He also does it through clear explanations that reflect the fascination with which the author addresses the great questions that he faces. neuroscience.

You can learn more about this book by clicking here.

3. From Animals to Gods, by Yuval Harari

Many psychological processes are shaped by culture, and culture in turn cannot be understood apart from Story: the line in which human beings have developed life, with its advances and regressions, represent the foundation of the culture, which emerges from all these variables.

From animals to gods It is the perfect union between a compressed narrative of the history of humanity, the cultural drifts that have occurred in it and the ways of thinking that have been shaping. A real gem for its concreteness and for explaining difficult things in a clear and entertaining way.

In this book you will not find a cold analysis of what humanity is and has been, but an interpretation of our journey as a species based on material evidence and inspiring reflections behind it.

Consult more information by clicking on this link.

4. The deceptions of the mind, by S. L. Macknik and S. Martúnez-Conde

The human mind is not only discovered through its capabilities; you can also glimpse its operation from its failures.

The deceptions of the mind It is a book in which the Blind spots of our ways of thinking and understanding reality and these are exposed for all to see, almost almost to our shame. To do this, these authors tell anecdotes located in the kind of situations in which our brain is more prone to being exposed: before the stage of a magician.
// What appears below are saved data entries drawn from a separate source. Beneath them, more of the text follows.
text \<open>As G'' = 3y/4 - \<lambda>, this says G'' \<le> 80 G'^2 / y^3.\<close>

lemma d2G_le_dG_sq:
  assumes "lam \<le> y / 3" "y \<ge> 1"
  shows "y ^ 3 * (3 * y / 4 - lam) \<le> 80 * (dG lam y) ^ 2"
proof (cases "lam \<ge> 0")
  case True
  have "(7 * y ^ 2 / 72) ^ 2 \<le> (dG lam y) ^ 2"
    using dG_ge assms by (intro power_mono) auto
  moreover have "y ^ 3 * (3 * y / 4 - lam) \<le> y ^ 3 * (3 * y / 4)"
    using True assms by (intro mult_left_mono) auto
  moreover have "80 * (7 * y ^ 2 / 72) ^ 2 = 245 / 324 * y ^ 4" "y ^ 3 * (3 * y / 4) = 3 / 4 * y ^ 4"
    by (simp_all add: power2_eq_square power3_eq_cube power4_eq_xxxx)
  moreover have "y ^ 4 \<ge> 0"
    by simp
  ultimately show ?thesis
    by linarith
next
  case False
  define m where "m = - lam"
  have m: "m > 0"
    using False m_def by auto
  have "dG lam y \<ge> y * (3 * y / 8 + m)"
    unfolding dG_def m_def by (simp add: algebra_simps power2_eq_square)
  then have "(y * (3 * y / 8 + m)) ^ 2 \<le> (dG lam y) ^ 2"
    using m assms by (intro power_mono) auto
  moreover have "y ^ 3 * (3 * y / 4 - lam) \<le> 16 / 3 * (y * (3 * y / 8 + m)) ^ 2"
  proof -
    have "y ^ 3 * (3 * y / 4 - lam) = y ^ 3 * (3 * y / 4 + m)"
      by (simp add: m_def)
    also have "\<dots> \<le> 16 / 3 * (y * y * (3 * y / 8) * (3 * y / 8 + m))"
      using m assms by (simp add: power3_eq_cube algebra_simps)
    also have "\<dots> \<le> 16 / 3 * (y * (3 * y / 8 + m)) ^ 2"
      using m assms by (simp add: power2_eq_square mult_left_mono mult_right_mono algebra_simps)
    finally show ?thesis .
  qed
  moreover have "(y * (3 * y / 8 + m)) ^ 2 \<ge> 0"
    by simp
  ultimately show ?thesis
    by linarith
qed

lemma has_real_derivative_laplace_term:
  assumes "y > 0" "dG lam y \<noteq> 0"
  shows "((\<lambda>y. y powr r / dG lam y * exp (- G lam y)) has_real_derivative
      (r / (y * dG lam y) - (3 * y / 4 - lam) / (dG lam y) ^ 2 - 1) * (y powr r * exp (- G lam y)))
      (at y)"
proof -
  have "((\<lambda>y. y powr r / dG lam y * exp (- G lam y)) has_real_derivative
     (r * y powr (r - 1) * dG lam y - y powr r * (3 * y / 4 - lam)) / (dG lam y * dG lam y)
        * exp (- G lam y) + exp (- G lam y) * (- dG lam y) * (y powr r / dG lam y)) (at y)"
    by (intro DERIV_mult DERIV_divide has_real_derivative_powr has_real_derivative_dG
        DERIV_fun_exp DERIV_minus has_real_derivative_G assms)
  moreover have "y powr (r - 1) = y powr r / y"
    using assms by (simp add: powr_diff)
  ultimately show ?thesis
    using assms by (simp add: field_simps power2_eq_square)
qed

lemma laplace_correction_le:
  assumes "r \<ge> 0" "lam \<le> y / 3" "y \<ge> 1"
  shows "\<bar>r / (y * dG lam y) - (3 * y / 4 - lam) / (dG lam y) ^ 2\<bar> \<le> (11 * r + 80) / y ^ 3"
proof -
  have pos: "dG lam y > 0"
    using dG_pos assms by simp
  have "7 * y ^ 3 / 72 \<le> y * dG lam y"
    using mult_left_mono[OF dG_ge, of lam y y] assms by (simp add: power2_eq_square power3_eq_cube)
  then have "r / (y * dG lam y) \<le> r / (7 * y ^ 3 / 72)"
    using assms pos by (intro divide_left_mono) auto
  also have "\<dots> = 72 / 7 * r / y ^ 3"
    by simp
  also have "\<dots> \<le> 11 * r / y ^ 3"
    using assms by (intro divide_right_mono) auto
  finally have first: "r / (y * dG lam y) \<le> 11 * r / y ^ 3" .
  have second: "(3 * y / 4 - lam) / (dG lam y) ^ 2 \<le> 80 / y ^ 3"
    using d2G_le_dG_sq[OF assms(2,3)] assms pos by (simp add: field_simps)
  have "r / (y * dG lam y) \<ge> 0" "(3 * y / 4 - lam) / (dG lam y) ^ 2 \<ge> 0"
    using assms pos by auto
  then show ?thesis
    using first second by (simp add: add_divide_distrib)
qed

text \<open>The majorant dG \<lambda> y * e^(-G(y)/2) is chosen for its explicit antiderivative -2 e^(-G(y)/2).\<close>

lemma integrand_le_envelope:
  assumes "r \<ge> 0" "1 \<le> a" "3 * lam \<le> a" "a \<le> y"
  shows "y powr r * exp (- G lam y) \<le>
    exp (r * (1 + 16 * r)) * a powr r * exp (- G lam a / 2) / dG lam a
      * (dG lam y * exp (- G lam y / 2))"
proof -
  define E where "E = exp (- G lam a / 2)"
  have "r * (y - a) \<le> r * (1 + 16 * r) + (y - a) ^ 3 / 16"
    using mult_le_const_plus_cube[of "y - a" r] assms by simp
  also have "(y - a) ^ 3 / 16 \<le> (G lam y - G lam a) / 2"
    using G_diff_ge_cube[of a y lam] assms by simp
  finally have "exp (r * (y - a)) \<le> exp (r * (1 + 16 * r) + (G lam y - G lam a) / 2)"
    by simp
  also have "\<dots> * exp (- G lam y) = exp (r * (1 + 16 * r)) * E * exp (- G lam y / 2)"
    unfolding E_def by (simp flip: exp_add) (simp add: field_simps)
  finally have exp_le: "exp (r * (y - a)) * exp (- G lam y) \<le> exp (r * (1 + 16 * r)) * E * exp (- G lam y / 2)"
    by simp
  have "y powr r * exp (- G lam y) \<le> a powr r * exp (r * (y - a)) * exp (- G lam y)"
    using powr_le_powr_mult_exp assms by (intro mult_right_mono) auto
  also have "\<dots> \<le> a powr r * (exp (r * (1 + 16 * r)) * E * exp (- G lam y / 2))"
    using exp_le by (simp add: mult.assoc mult_left_mono)
  also have "\<dots> \<le> a powr r * (exp (r * (1 + 16 * r)) * E * exp (- G lam y / 2)) * (dG lam y / dG lam a)"
  proof -
    have "1 \<le> dG lam y / dG lam a"
      using dG_mono[of a y lam] dG_pos[of lam a] assms by simp
    moreover have "0 \<le> a powr r * (exp (r * (1 + 16 * r)) * E * exp (- G lam y / 2))"
      by (simp add: E_def)
    ultimately show ?thesis
      by (metis mult_left_mono mult.right_neutral)
  qed
  finally show ?thesis
    unfolding E_def by (simp add: field_simps)
qed

lemma integral_laplace_approx:
  fixes r lam a :: real
  assumes r: "r \<ge> 0" and a: "1 \<le> a" "3 * lam \<le> a"
  shows "(\<lambda>y. y powr r * exp (- G lam y)) integrable_on {a..} \<and>
    \<bar>integral {a..} (\<lambda>y. y powr r * exp (- G lam y)) - a powr r / dG lam a * exp (- G lam a)\<bar>
    \<le> 2 * exp (r * (1 + 16 * r)) * (11 * r + 80) * \<bar>a powr r / dG lam a * exp (- G lam a)\<bar> * (1 / a ^ 3)"
proof -
  define g where "g y = y powr r * exp (- G lam y)" for y
  define \<rho> where "\<rho> y = r / (y * dG lam y) - (3 * y / 4 - lam) / (dG lam y) ^ 2" for y
  define K where "K = (11 * r + 80) / a ^ 3 * (exp (r * (1 + 16 * r)) * a powr r * exp (- G lam a / 2) / dG lam a)"
  have dG_pos_a: "dG lam y > 0" if "y \<ge> a" for y
    using dG_pos[of lam y] a that by simp
  have "g integrable_on {a..} \<and> \<bar>integral {a..} g - a powr r / dG lam a * exp (- G lam a)\<bar>
      \<le> - (- 2 * K * exp (- G lam a / 2))"
  proof (rule integral_atLeast_approx_by_antiderivative[where q = "\<lambda>y. \<rho> y * g y"
        and w = "\<lambda>y. K * (dG lam y * exp (- G lam y / 2))"])
    show "((\<lambda>y. y powr r / dG lam y * exp (- G lam y)) has_real_derivative \<rho> x * g x - g x) (at x)"
      if "x \<ge> a" for x
      using has_real_derivative_laplace_term[of x lam r] dG_pos_a[OF that] a that
      unfolding \<rho>_def g_def by (simp add: left_diff_distrib)
    show "((\<lambda>y. - 2 * K * exp (- G lam y / 2)) has_real_derivative
        K * (dG lam y * exp (- G lam y / 2))) (at y)" for y
      by (rule derivative_eq_intros has_real_derivative_G refl | simp)+
    show "\<bar>\<rho> x * g x\<bar> \<le> K * (dG lam x * exp (- G lam x / 2))" if "x \<ge> a" for x
    proof -
      have "\<bar>\<rho> x\<bar> \<le> (11 * r + 80) / x ^ 3"
        unfolding \<rho>_def using laplace_correction_le[of r lam x] r a that by simp
      also have "\<dots> \<le> (11 * r + 80) / a ^ 3"
        using r a that by (intro divide_left_mono power_mono) auto
      finally have "\<bar>\<rho> x\<bar> \<le> (11 * r + 80) / a ^ 3" .
      then have "\<bar>\<rho> x * g x\<bar> \<le> (11 * r + 80) / a ^ 3 * g x"
        using mult_right_mono[of "\<bar>\<rho> x\<bar>" _ "g x"] abs_of_nonneg[of "g x"]
        by (simp add: abs_mult g_def del: times_divide_eq_left)
      also have "\<dots> \<le> K * (dG lam x * exp (- G lam x / 2))"
        using mult_left_mono[OF integrand_le_envelope[OF r a that], of "(11 * r + 80) / a ^ 3"] r a
        unfolding K_def g_def by (simp only: mult.assoc zero_le_divide_iff) simp
      finally show ?thesis .
    qed
    show "((\<lambda>y. y powr r / dG lam y * exp (- G lam y)) \<longlongrightarrow> 0) at_top"
      using r unfolding G_def dG_def by real_asymp
    show "((\<lambda>y. - 2 * K * exp (- G lam y / 2)) \<longlongrightarrow> 0) at_top"
      unfolding G_def by real_asymp
    show "continuous_on {a..} g"
      using a unfolding g_def G_def by (intro continuous_intros) auto
  qed (simp add: g_def)
  moreover have "- (- 2 * K * exp (- G lam a / 2))
      = 2 * exp (r * (1 + 16 * r)) * (11 * r + 80) * \<bar>a powr r / dG lam a * exp (- G lam a)\<bar> * (1 / a ^ 3)"
  proof -
    define E where "E = exp (- G lam a / 2)"
    have "exp (- G lam a) = E * E"
      unfolding E_def by (simp flip: exp_add)
    moreover have "\<bar>a powr r / dG lam a * exp (- G lam a)\<bar> = a powr r / dG lam a * exp (- G lam a)"
      using dG_pos_a[of a] by simp
    ultimately show ?thesis
      using dG_pos_a[of a] a unfolding K_def E_def[symmetric] by (simp add: field_simps)
  qed
  ultimately show ?thesis
    unfolding g_def by simp
qed

theorem lemma5p2:
  fixes r :: real
  assumes "r \<ge> 0"
  shows "\<exists>C. \<forall>lam a. a \<ge> max 1 (3 * lam) \<longrightarrow>
           (\<lambda>y. y powr r * exp (- G lam y)) integrable_on {a..} \<and>
           \<bar>integral {a..} (\<lambda>y. y powr r * exp (- G lam y))
              - a powr r / deriv (G lam) a * exp (- G lam a)\<bar>
           \<le> C * \<bar>a powr r / deriv (G lam) a * exp (- G lam a)\<bar> * (1 / a ^ 3)"
proof (intro exI allI impI)
  fix lam a :: real
  assume "a \<ge> max 1 (3 * lam)"
  then show "(\<lambda>y. y powr r * exp (- G lam y)) integrable_on {a..} \<and>
      \<bar>integral {a..} (\<lambda>y. y powr r * exp (- G lam y)) - a powr r / deriv (G lam) a * exp (- G lam a)\<bar>
      \<le> 2 * exp (r * (1 + 16 * r)) * (11 * r + 80)
        * \<bar>a powr r / deriv (G lam) a * exp (- G lam a)\<bar> * (1 / a ^ 3)"
    using integral_laplace_approx[OF assms] by (simp add: deriv_G)
qed

end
Here you can read the explanations of the most Martian magic tricks and the psychological processes that explain that they are capable of deceiving to all the people in the audience.

Ask about this book here.

5. The Lucifer Effect: The Why of Evil, by Philip Zimbardo

One of the most renowned psychologists talking about one of the best known experiments in the world: the Stanford prison case.

The result, of course, is one of the quintessential books on psychology about the morality and its relation to the circumstances in which we find ourselves. The importance of context in our personality and in how we behave is greater than we might suppose.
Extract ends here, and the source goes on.